Formatting names with Magic Fill - Cloud

Talend Cloud Data Preparation User Guide

author
Talend Documentation Team
EnrichVersion
Cloud
EnrichProdName
Talend Cloud
task
Data Quality and Preparation > Cleansing data
EnrichPlatform
Talend Data Preparation

You can use the magic fill function to automatically format names, based on a pattern defined by examples.

Let's take the example of a dataset with a column containing the full names or your customers.

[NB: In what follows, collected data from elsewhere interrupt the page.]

lemma trunc_dist:
  assumes f: "f \<in> tate absv \<rho>' V"
  shows "\<bar>y (ser_trunc N f) - y (ser_trunc M f)\<bar> \<le> max (tail M f) (tail N f)"
proof -
  have "\<bar>y (ser_trunc N f) - y (ser_trunc M f)\<bar> \<le>
      gauss absv \<rho>' (ser_sub (ser_trunc N f) (ser_trunc M f))"
    by (rule point_lipschitz[OF trunc_poly[OF finite_vars f] trunc_poly[OF finite_vars f]])
  also have "ser_sub (ser_trunc N f) (ser_trunc M f) =
      ser_sub (ser_sub f (ser_trunc M f)) (ser_sub f (ser_trunc N f))"
    by (simp add: ser_sub_def fun_eq_iff)
  also have "gauss absv \<rho>' \<dots> \<le> max (tail M f) (tail N f)"
    by (rule small.sub_tate(2)[OF tail_tate[OF f] tail_tate[OF f]])
  finally show ?thesis .
qed

lemma ext_point_tendsto:
  assumes f: "f \<in> tate absv \<rho>' V"
  shows "(\<lambda>M. y (ser_trunc M f)) \<longlonglongrightarrow> ext_point f"
proof -
  have "Cauchy (\<lambda>M. y (ser_trunc M f))"
  proof (rule CauchyI)
    fix e :: real assume e: "0 < e"
    obtain M0 where M0: "\<forall>M\<ge>M0. norm (tail M f - 0) < e"
      using LIMSEQ_D[OF tail_tendsto[OF f] e] by blast
    have "norm (y (ser_trunc m f) - y (ser_trunc n f)) < e" if "M0 \<le> m" "M0 \<le> n" for m n
    proof -
      have "tail m f < e" "tail n f < e" using M0 that tail_nonneg[OF f] by auto
      thus ?thesis using trunc_dist[OF f, of m n] by simp
    qed
    thus "\<exists>M. \<forall>m\<ge>M. \<forall>n\<ge>M. norm (y (ser_trunc m f) - y (ser_trunc n f)) < e" by blast
  qed
  thus ?thesis using f by (simp add: ext_point_def Cauchy_convergent_iff convergent_LIMSEQ_iff)
qed

lemma ext_point_approx:
  assumes f: "f \<in> tate absv \<rho>' V" and p: "is_poly V p"
  shows "\<bar>ext_point f - y p\<bar> \<le> gauss absv \<rho>' (ser_sub f p)"
proof -
  let ?g = "gauss absv \<rho>' (ser_sub f p)"
  have fp: "ser_sub f p \<in> tate absv \<rho>' V" by (rule small.sub_tate(1)[OF f poly_tate[OF p]])
  have "\<bar>y (ser_trunc M f) - y p\<bar> \<le> max ?g (tail M f)" for M
  proof -
    have "\<bar>y (ser_trunc M f) - y p\<bar> \<le> gauss absv \<rho>' (ser_sub (ser_trunc M f) p)"
      by (rule point_lipschitz[OF trunc_poly[OF finite_vars f] p])
    also have "ser_sub (ser_trunc M f) p = ser_sub (ser_sub f p) (ser_sub f (ser_trunc M f))"
      by (simp add: ser_sub_def fun_eq_iff)
    also have "gauss absv \<rho>' \<dots> \<le> max ?g (tail M f)"
      by (rule small.sub_tate(2)[OF fp tail_tate[OF f]])
    finally show ?thesis .
  qed
  moreover have "(\<lambda>M. \<bar>y (ser_trunc M f) - y p\<bar>) \<longlonglongrightarrow> \<bar>ext_point f - y p\<bar>"
    by (intro tendsto_rabs tendsto_diff ext_point_tendsto[OF f] tendsto_const)
  moreover have "(\<lambda>M. max ?g (tail M f)) \<longlonglongrightarrow> max ?g 0"
    by (intro tendsto_max tendsto_const tail_tendsto[OF f])
  ultimately have "\<bar>ext_point f - y p\<bar> \<le> max ?g 0" by (intro LIMSEQ_le) auto
  thus ?thesis using small.gauss_nonneg[OF fp] by simp
qed
(* Let $X$ be a real normed space, $\mathcal M=\{M_1,\dots,M_n\}\subset\mathcal P^f_{\mathrm{Cl,Conv}}(X)$, $\Sigma(\mathcal M)\neq\emptyset$ and $d=(d_1,\dots,d_n)\in\Omega(\mathcal M)$. Suppose there is an index $s$ such that every nonempty set of the form $B_r(M_s)\cap K_d$ ($0\le r<\infty$) lies in the same finiteness class as the $M_i$. Then for every $K\in\Sigma_d(\mathcal M)$ there exists $i$ with $d_i=\sup_{x\in M_i}|x\,K|$.
   Context: For a metric space $X$, $p\in X$, $A\subset X$: $|p\,A|=\inf_{a\in A}|p\,a|$ ($=\infty$ if $A=\emptyset$); for $0\le r<\infty$, $B_r(A)=\{p:|p\,A|\le r\}$. For nonempty $A,B$, $d_H(A,B)=\max\{\sup_{a\in A}|a\,B|,\sup_{b\in B}|b\,A|\}\in[0,\infty]$. $\mathcal P_{\mathrm{Cl}}(X)$ is the set of nonempty closed subsets of $X$ with $d_H$; a finiteness class is an equivalence class of $A\sim B\iff d_H(A,B)<\infty$. $\mathcal P^f_{\mathrm{Cl,Conv}}(X)$ denotes a fixed finiteness class of the space of nonempty closed convex subsets of $X$ (a family of nonempty closed convex sets pairwise at finite Hausdorff distance, maximal with this property); let $\mathcal P^f_{\mathrm{Cl}}(X)$ be the finiteness class of $\mathcal P_{\mathrm{Cl}}(X)$ containing it. For $\mathcal M=\{M_1,\dots,M_n\}$ in it, $S_{\mathcal M}(Y)=\sum_i d_H(Y,M_i)$; $\Sigma(\mathcal M)$ is the set of minimizers of $S_{\mathcal M}$ over $\mathcal P^f_{\mathrm{Cl}}(X)$; for $K\in\Sigma(\mathcal M)$, $d(K)=(d_H(K,M_1),\dots,d_H(K,M_n))$; $\Omega(\mathcal M)=\{d(K):K\in\Sigma(\mathcal M)\}$; for $d\in\Omega(\mathcal M)$, $\Sigma_d(\mathcal M)=\{K\in\Sigma(\mathcal M):d(K)=d\}$ and $K_d=\bigcap_{i=1}^nB_{d_i}(M_i)$. *)

theory Defs
  imports "HOL-Analysis.Analysis"
begin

You would like to format those names, and only keep the first letter of the first name, followed by a dot, and then the last name. For example, George Abitbol would become G. Abitbol. The easiest way for you to accomplish that would be to use the Magic Fill function to set some examples of how you would like the transformation to work, and apply it to the rest of the column.

Procedure

  1. Click the header of the fullname column in order to select its content.
  2. In the functions panel, type Magic fill and click the result to display the options of the associated function.
  3. Clear the Create new column check box.
    This way, the values will be fixed directly in the existing column.
  4. In the Input 1 field, enter one of the value from the fullname column that you would like to transform, Dimitri Tudor for example.
  5. In the Output 1 field, enter the same value, but with the correct format this time: D. Tudor.
    For the function to work, you need to enter at least two complete examples of the transformation you want to apply. You can then add up to three other examples. Examples can either be taken from your dataset, or made up. The more examples you input, the more accurately the pattern will be identified by the function.
  6. Enter more before and after examples, in the remaining fields.
    • Mina Luze as Input 2 and M. Luze as Output 2
    • Henry Bank as Input 3 and H. Bank as Output 3
    • Ben Schneider as Input 4 and B. Schneider as Output 4
    • Jonathan Oliver as Input 5 and J. Oliver as Output 5
  7. Click Submit.

Results

From the few examples set at the beginning, the function has been able to understand the pattern, and automatically create the corresponding transformation. The names in your dataset have now been replaced with their equivalent in the expected format.